PLEASANTS, Chief Justice.

This suit was brought by Ed. Buch, as next friend of his minor son, Alfred Buch, to recover damages for said minor for personal injuries alleged to have been caused him by the negligence of the Texas & New Orleans Bailroad Company. The cause of action is alleged in plaintiff’s petition as follows: “That on or about the 6th day of July, 1903, and long prior *305 thereto, it had been the habit, usage and custom of the defendant railroad company to carry small.boys on its cars and engines to and from what is known as the creosote works, east of the city of Houston; that on said date, in accordance with such alleged custom,Alfred Buch and other boys had been riding back and forth on one of defendant’s freight trains; that theretofore the defendant’s employes had permitted the plaintiff and other boys to ride on its cars without protest, but that on this occasion, while Alfred Buch was on one of the ears, he was run off by one of defendant’s switchmen or brakemen thereunto duly authorized, and as a result was caused to fall from the train while in motion and was run over and injured in such a manner as to require the amputation of parts of both of his feet, from which he suffered great physical pain and mental anguish, and had sustained permanent injury and impairment of his ability to work after he should reach the age of twenty-one years; that his injuries were directly and proximately caused and occasioned by the negligence and carelessness of the defendant, its servants, agents and employes, in that they negligently and carelessly, with force and arms, and by cursing, abusing and threatening him with violence, and by putting him in great fear, compelled plaintiff to jump off of said train, as aforesaid, and while the said other train was passing, or about passing, the same, and with full knowledge of the presence of said train and of the danger to which plaintiff was exposed of being run over by the wheels of the train to which he was clinging, and the wheels of the train then and there about to pass or passing; and that plaintiff was ignorant of the approach or passing of said train when he jumped from the one to which he was clinging, as aforesaid; that the plaintiff was a child, ten years of age, of immature judgment and discretion.” Plaintiff prayed for judgment in the sum of $30,000.

The defendant answered by a general demurrer and general denial, and by special plea charging that plaintiff was a trespasser upon defendant’s cars and premises at the time he was injured and was getting on and off the cars and train while the same was in motion, and that such conduct was negligence on plaintiff’s part which directly contributed to his injury and relieved defendant from liability therefor.

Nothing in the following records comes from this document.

(* Let $M$ be a $(B,A)$-bimodule with $M_A$ finitely generated projective, $S=\mathrm{End}_A(M)$, and $\mathcal{C}=M^*\otimes_BM$ the comatrix $A$-coring. Suppose $\gamma:\mathcal{C}\otimes_A\mathcal{C}\to A$ is a pre-cointegral for $\mathcal{C}$. Identify $S\cong M\otimes_AM^*$ (via $m\otimes\varphi\mapsto(x\mapsto m\varphi(x))$), so that $S\otimes_BS\otimes_BS\cong M\otimes_A\mathcal{C}\otimes_A\mathcal{C}\otimes_AM^*$, and define $\tilde\gamma:S\otimes_BS\otimes_BS\to S$ by $\tilde\gamma(m\otimes\varphi\otimes m'\otimes\varphi'\otimes m''\otimes\varphi'')=m\,\gamma(\varphi\otimes m'\otimes\varphi'\otimes m'')\otimes\varphi''$ (i.e. $\tilde\gamma=M\otimes\gamma\otimes M^*$ followed by $M\otimes_AA\otimes_AM^*\cong M\otimes_AM^*$). Then $\tilde\gamma$, regarded as a map $(S\otimes_BS)\otimes_S(S\otimes_BS)\cong S\otimes_BS\otimes_BS\to S$, is a pre-cointegral for the Sweedler $S$-coring $S\otimes_BS$.
   Context: All rings are associative with $1$. For a $(B,A)$-bimodule $M$ with $M_A$ finitely generated projective, $M^*=\mathrm{Hom}_A(M,A)$ is an $(A,B)$-bimodule, and with a finite dual basis $\{e_i,e_i^*\}_{i\in I}$ the comatrix $A$-coring is $M^*\otimes_BM$ with coproduct $\varphi\otimes m\mapsto\sum_i\varphi\otimes e_i\otimes e_i^*\otimes m$ and counit $\varphi\otimes m\mapsto\varphi(m)$. $S=\mathrm{End}_A(M)$ with composition, and $B\to S$, $b\mapsto(m\mapsto bm)$. The Sweedler $S$-coring $S\otimes_BS$ has coproduct $s\otimes s'\mapsto s\otimes1_S\otimes s'$ and counit $s\otimes s'\mapsto ss'$. For an $A$-coring $\mathcal{C}$ with coproduct $\Delta(c)=\sum c_{(1)}\otimes c_{(2)}$, a pre-cointegral is an $(A,A)$-bimodule map $\gamma:\mathcal{C}\otimes_A\mathcal{C}\to A$ such that $\sum c_{(1)}\gamma(c_{(2)}\otimes c')=\sum\gamma(c\otimes c'_{(1)})c'_{(2)}$ for all $c,c'\in\mathcal{C}$. *)

theory Defs
  imports Main "HOL-Library.Function_Algebras"
begin

text \<open>The free abelian group on X x Y is modelled by finitely supported functions
  X x Y -> int; a formal sum (list of pairs) is mapped to its indicator-count function.
  X \<otimes>_R Y is the quotient by the subgroup generated by the usual bilinearity and
  R-balancing relations; two formal sums are equal in X \<otimes>_R Y iff their difference
  lies in that subgroup.\<close>

definition fsingle :: "'p \<Rightarrow> 'p \<Rightarrow> int" where
  "fsingle p = (\<lambda>q. if q = p then 1 else 0)"

definition formal :: "'p list \<Rightarrow> 'p \<Rightarrow> int" where
  "formal xs = sum_list (map fsingle xs)"

inductive_set tensor_rels ::
  "'x::ab_group_add set \<Rightarrow> 'y::ab_group_add set \<Rightarrow> ('x \<Rightarrow> 'r \<Rightarrow> 'x) \<Rightarrow> ('r \<Rightarrow> 'y \<Rightarrow> 'y)
     \<Rightarrow> ('x \<times> 'y \<Rightarrow> int) set"
  for X Y rx ly where
  zero: "0 \<in> tensor_rels X Y rx ly"
| add: "u \<in> tensor_rels X Y rx ly \<Longrightarrow> v \<in> tensor_rels X Y rx ly \<Longrightarrow> u + v \<in> tensor_rels X Y rx ly"
| neg: "u \<in> tensor_rels X Y rx ly \<Longrightarrow> - u \<in> tensor_rels X Y rx ly"
| addl: "x \<in> X \<Longrightarrow> x' \<in> X \<Longrightarrow> y \<in> Y \<Longrightarrow>
     fsingle (x + x', y) - fsingle (x, y) - fsingle (x', y) \<in> tensor_rels X Y rx ly"
| addr: "x \<in> X \<Longrightarrow> y \<in> Y \<Longrightarrow> y' \<in> Y \<Longrightarrow>
     fsingle (x, y + y') - fsingle (x, y) - fsingle (x, y') \<in> tensor_rels X Y rx ly"
| bal: "x \<in> X \<Longrightarrow> y \<in> Y \<Longrightarrow>
     fsingle (rx x r, y) - fsingle (x, ly r y) \<in> tensor_rels X Y rx ly"

definition tensor_eq ::
  "'x::ab_group_add set \<Rightarrow> 'y::ab_group_add set \<Rightarrow> ('x \<Rightarrow> 'r \<Rightarrow> 'x) \<Rightarrow> ('r \<Rightarrow> 'y \<Rightarrow> 'y)
     \<Rightarrow> ('x \<times> 'y) list \<Rightarrow> ('x \<times> 'y) list \<Rightarrow> bool" where
  "tensor_eq X Y rx ly xs ys \<longleftrightarrow> formal xs - formal ys \<in> tensor_rels X Y rx ly"

definition bimodule :: "('b::ring_1 \<Rightarrow> 'm::ab_group_add \<Rightarrow> 'm) \<Rightarrow> ('m \<Rightarrow> 'a::ring_1 \<Rightarrow> 'm) \<Rightarrow> bool" where
  "bimodule lact ract \<longleftrightarrow>
     (\<forall>b m m'. lact b (m + m') = lact b m + lact b m') \<and>
     (\<forall>b b' m. lact (b + b') m = lact b m + lact b' m) \<and>
     (\<forall>b b' m. lact (b * b') m = lact b (lact b' m)) \<and>
     (\<forall>m. lact 1 m = m) \<and>
     (\<forall>a m m'. ract (m + m') a = ract m a + ract m' a) \<and>
     (\<forall>a a' m. ract m (a + a') = ract m a + ract m a') \<and>
     (\<forall>a a' m. ract m (a * a') = ract (ract m a) a') \<and>
     (\<forall>m. ract m 1 = m) \<and>
     (\<forall>b m a. lact b (ract m a) = ract (lact b m) a)"

definition dual :: "('m::ab_group_add \<Rightarrow> 'a::ring_1 \<Rightarrow> 'm) \<Rightarrow> ('m \<Rightarrow> 'a) set" where
  "dual ract = {\<phi>. (\<forall>m m'. \<phi> (m + m') = \<phi> m + \<phi> m') \<and> (\<forall>m a. \<phi> (ract m a) = \<phi> m * a)}"

text \<open>S = End_A(M), right A-linear endomorphisms, with multiplication = composition.\<close>
definition endo :: "('m::ab_group_add \<Rightarrow> 'a::ring_1 \<Rightarrow> 'm) \<Rightarrow> ('m \<Rightarrow> 'm) set" where
  "endo ract = {s. (\<forall>m m'. s (m + m') = s m + s m') \<and> (\<forall>m a. s (ract m a) = ract (s m) a)}"

definition dual_basis ::
  "('m::ab_group_add \<Rightarrow> 'a::ring_1 \<Rightarrow> 'm) \<Rightarrow> nat \<Rightarrow> (nat \<Rightarrow> 'm) \<Rightarrow> (nat \<Rightarrow> 'm \<Rightarrow> 'a) \<Rightarrow> bool" where
  "dual_basis ract n e es \<longleftrightarrow> (\<forall>i<n. es i \<in> dual ract) \<and> (\<forall>m. m = (\<Sum>i<n. ract (e i) (es i m)))"

text \<open>Equality in C = M^* \<otimes>_B M; right B-action on M^* is (phi b)(m) = phi(b m).\<close>
definition tensorC :: "('b::ring_1 \<Rightarrow> 'm::ab_group_add \<Rightarrow> 'm) \<Rightarrow> ('m \<Rightarrow> 'a::ring_1 \<Rightarrow> 'm)
    \<Rightarrow> (('m \<Rightarrow> 'a) \<times> 'm) list \<Rightarrow> (('m \<Rightarrow> 'a) \<times> 'm) list \<Rightarrow> bool" where
  "tensorC lact ract = tensor_eq (dual ract) UNIV (\<lambda>\<phi> b. \<lambda>x. \<phi> (lact b x)) lact"

text \<open>A map gamma : C \<otimes>_A C = M^* \<otimes>_B M \<otimes>_A M^* \<otimes>_B M \<rightarrow> A is given by its values
  g phi m phi' m' = gamma(phi \<otimes> m \<otimes> phi' \<otimes> m'); the first conditions say exactly that g
  induces a well-defined (A,A)-bimodule map on the tensor product; the last one is the
  pre-cointegral identity, for arbitrary elements c = sum_k phi_k \<otimes> m_k and
  c' = sum_l phi'_l \<otimes> m'_l of C, with the coproduct given by the dual basis.\<close>
definition comatrix_precointegral ::
  "('b::ring_1 \<Rightarrow> 'm::ab_group_add \<Rightarrow> 'm) \<Rightarrow> ('m \<Rightarrow> 'a::ring_1 \<Rightarrow> 'm) \<Rightarrow> nat \<Rightarrow> (nat \<Rightarrow> 'm)
     \<Rightarrow> (nat \<Rightarrow> 'm \<Rightarrow> 'a) \<Rightarrow> (('m \<Rightarrow> 'a) \<Rightarrow> 'm \<Rightarrow> ('m \<Rightarrow> 'a) \<Rightarrow> 'm \<Rightarrow> 'a) \<Rightarrow> bool" where
  "comatrix_precointegral lact ract n e es g \<longleftrightarrow>
     (\<forall>\<phi>\<in>dual ract. \<forall>\<psi>\<in>dual ract. \<forall>\<phi>'\<in>dual ract. \<forall>m m'.
        g (\<phi> + \<psi>) m \<phi>' m' = g \<phi> m \<phi>' m' + g \<psi> m \<phi>' m') \<and>
     (\<forall>\<phi>\<in>dual ract. \<forall>\<phi>'\<in>dual ract. \<forall>m x m'.
        g \<phi> (m + x) \<phi>' m' = g \<phi> m \<phi>' m' + g \<phi> x \<phi>' m') \<and>
     (\<forall>\<phi>\<in>dual ract. \<forall>\<phi>'\<in>dual ract. \<forall>\<psi>\<in>dual ract. \<forall>m m'.
        g \<phi> m (\<phi>' + \<psi>) m' = g \<phi> m \<phi>' m' + g \<phi> m \<psi> m') \<and>
     (\<forall>\<phi>\<in>dual ract. \<forall>\<phi>'\<in>dual ract. \<forall>m m' x.
        g \<phi> m \<phi>' (m' + x) = g \<phi> m \<phi>' m' + g \<phi> m \<phi>' x) \<and>
     (\<forall>\<phi>\<in>dual ract. \<forall>\<phi>'\<in>dual ract. \<forall>m m' b.
        g (\<lambda>x. \<phi> (lact b x)) m \<phi>' m' = g \<phi> (lact b m) \<phi>' m') \<and>
     (\<forall>\<phi>\<in>dual ract. \<forall>\<phi>'\<in>dual ract. \<forall>m m' a.
        g \<phi> (ract m a) \<phi>' m' = g \<phi> m (\<lambda>x. a * \<phi>' x) m') \<and>
     (\<forall>\<phi>\<in>dual ract. \<forall>\<phi>'\<in>dual ract. \<forall>m m' b.
        g \<phi> m (\<lambda>x. \<phi>' (lact b x)) m' = g \<phi> m \<phi>' (lact b m')) \<and>
     (\<forall>\<phi>\<in>dual ract. \<forall>\<phi>'\<in>dual ract. \<forall>m m' a.
        g (\<lambda>x. a * \<phi> x) m \<phi>' m' = a * g \<phi> m \<phi>' m') \<and>
     (\<forall>\<phi>\<in>dual ract. \<forall>\<phi>'\<in>dual ract. \<forall>m m' a.
        g \<phi> m \<phi>' (ract m' a) = g \<phi> m \<phi>' m' * a) \<and>
     (\<forall>cs cs'. set cs \<subseteq> dual ract \<times> UNIV \<longrightarrow> set cs' \<subseteq> dual ract \<times> UNIV \<longrightarrow>
        tensorC lact ract
          [(\<phi>, ract (e i) (g (es i) m \<phi>' m')). (\<phi>, m) \<leftarrow> cs, (\<phi>', m') \<leftarrow> cs', i \<leftarrow> [0..<n]]
          [(\<lambda>x. g \<phi> m \<phi>' (e i) * es i x, m'). (\<phi>, m) \<leftarrow> cs, (\<phi>', m') \<leftarrow> cs', i \<leftarrow> [0..<n]])"

text \<open>Equality in S \<otimes>_B S; B acts on S through b \<mapsto> (m \<mapsto> b m).\<close>
definition tensorD :: "('b::ring_1 \<Rightarrow> 'm::ab_group_add \<Rightarrow> 'm) \<Rightarrow> ('m \<Rightarrow> 'a::ring_1 \<Rightarrow> 'm)
    \<Rightarrow> (('m \<Rightarrow> 'm) \<times> ('m \<Rightarrow> 'm)) list \<Rightarrow> (('m \<Rightarrow> 'm) \<times> ('m \<Rightarrow> 'm)) list \<Rightarrow> bool" where
  "tensorD lact ract = tensor_eq (endo ract) (endo ract) (\<lambda>s b. s \<circ> lact b) (\<lambda>b s. lact b \<circ> s)"

text \<open>A map (S \<otimes>_B S) \<otimes>_S (S \<otimes>_B S) = S \<otimes>_B S \<otimes>_B S \<rightarrow> S is given by its values
  gt s s' s'' on simple tensors s \<otimes> s' \<otimes> s'' (where (s \<otimes> t) \<otimes>_S (u \<otimes> v) corresponds to
  s \<otimes> t u \<otimes> v). The conditions: values in S, well-defined (additive and B-balanced),
  (S,S)-bimodule map, and the pre-cointegral identity for the Sweedler coproduct
  s \<otimes> s' \<mapsto> (s \<otimes> 1) \<otimes>_S (1 \<otimes> s'), for arbitrary d = sum_k s_k \<otimes> t_k, d' = sum_l u_l \<otimes> v_l:
  sum d_(1) gt(d_(2) \<otimes> d') = sum_{k,l} s_k \<otimes> gt(1, t_k u_l, v_l) and
  sum gt(d \<otimes> d'_(1)) d'_(2) = sum_{k,l} gt(s_k, t_k u_l, 1) \<otimes> v_l.\<close>
definition sweedler_precointegral ::
  "('b::ring_1 \<Rightarrow> 'm::ab_group_add \<Rightarrow> 'm) \<Rightarrow> ('m \<Rightarrow> 'a::ring_1 \<Rightarrow> 'm)
     \<Rightarrow> (('m \<Rightarrow> 'm) \<Rightarrow> ('m \<Rightarrow> 'm) \<Rightarrow> ('m \<Rightarrow> 'm) \<Rightarrow> ('m \<Rightarrow> 'm)) \<Rightarrow> bool" where
  "sweedler_precointegral lact ract gt \<longleftrightarrow>
     (\<forall>s\<in>endo ract. \<forall>s'\<in>endo ract. \<forall>s''\<in>endo ract. gt s s' s'' \<in> endo ract) \<and>
     (\<forall>s\<in>endo ract. \<forall>t\<in>endo ract. \<forall>s'\<in>endo ract. \<forall>s''\<in>endo ract.
        gt (s + t) s' s'' = gt s s' s'' + gt t s' s'') \<and>
     (\<forall>s\<in>endo ract. \<forall>s'\<in>endo ract. \<forall>t\<in>endo ract. \<forall>s''\<in>endo ract.
        gt s (s' + t) s'' = gt s s' s'' + gt s t s'') \<and>
     (\<forall>s\<in>endo ract. \<forall>s'\<in>endo ract. \<forall>s''\<in>endo ract. \<forall>t\<in>endo ract.
        gt s s' (s'' + t) = gt s s' s'' + gt s s' t) \<and>
     (\<forall>s\<in>endo ract. \<forall>s'\<in>endo ract. \<forall>s''\<in>endo ract. \<forall>b.
        gt (s \<circ> lact b) s' s'' = gt s (lact b \<circ> s') s'') \<and>
     (\<forall>s\<in>endo ract. \<forall>s'\<in>endo ract. \<forall>s''\<in>endo ract. \<forall>b.
        gt s (s' \<circ> lact b) s'' = gt s s' (lact b \<circ> s'')) \<and>
     (\<forall>u\<in>endo ract. \<forall>s\<in>endo ract. \<forall>s'\<in>endo ract. \<forall>s''\<in>endo ract.
        gt (u \<circ> s) s' s'' = u \<circ> gt s s' s'') \<and>
     (\<forall>u\<in>endo ract. \<forall>s\<in>endo ract. \<forall>s'\<in>endo ract. \<forall>s''\<in>endo ract.
        gt s s' (s'' \<circ> u) = gt s s' s'' \<circ> u) \<and>
     (\<forall>ds ds'. set ds \<subseteq> endo ract \<times> endo ract \<longrightarrow> set ds' \<subseteq> endo ract \<times> endo ract \<longrightarrow>
        tensorD lact ract
          [(s, gt id (t \<circ> u) v). (s, t) \<leftarrow> ds, (u, v) \<leftarrow> ds']
          [(gt s (t \<circ> u) id, v). (s, t) \<leftarrow> ds, (u, v) \<leftarrow> ds'])"

text \<open>Under S \<cong> M \<otimes>_A M^* (inverse: s \<mapsto> sum_i s(e_i) \<otimes> e_i^*), the map
  M \<otimes> gamma \<otimes> M^* followed by M \<otimes>_A A \<otimes>_A M^* \<cong> M \<otimes>_A M^* \<cong> S is:\<close>
definition gtilde ::
  "('m::ab_group_add \<Rightarrow> 'a::ring_1 \<Rightarrow> 'm) \<Rightarrow> nat \<Rightarrow> (nat \<Rightarrow> 'm) \<Rightarrow> (nat \<Rightarrow> 'm \<Rightarrow> 'a)
     \<Rightarrow> (('m \<Rightarrow> 'a) \<Rightarrow> 'm \<Rightarrow> ('m \<Rightarrow> 'a) \<Rightarrow> 'm \<Rightarrow> 'a)
     \<Rightarrow> ('m \<Rightarrow> 'm) \<Rightarrow> ('m \<Rightarrow> 'm) \<Rightarrow> ('m \<Rightarrow> 'm) \<Rightarrow> ('m \<Rightarrow> 'm)" where
  "gtilde ract n e es g s s' s'' =
     (\<lambda>x. \<Sum>i<n. \<Sum>j<n. \<Sum>k<n.
        ract (s (e i)) (g (es i) (s' (e j)) (es j) (s'' (e k)) * es k x))"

It is further specially denied by said answer that Alfred Buch on the occasion of his injury was upon the cars of defendant with its consent or by its express or implied invitation, or was ejected therefrom by the defendant or by any person authorized by the defendant to remove him from said cars or train.

The trial in the court below resulted in a verdict and judgment in favor of plaintiff in the sum of $9,500.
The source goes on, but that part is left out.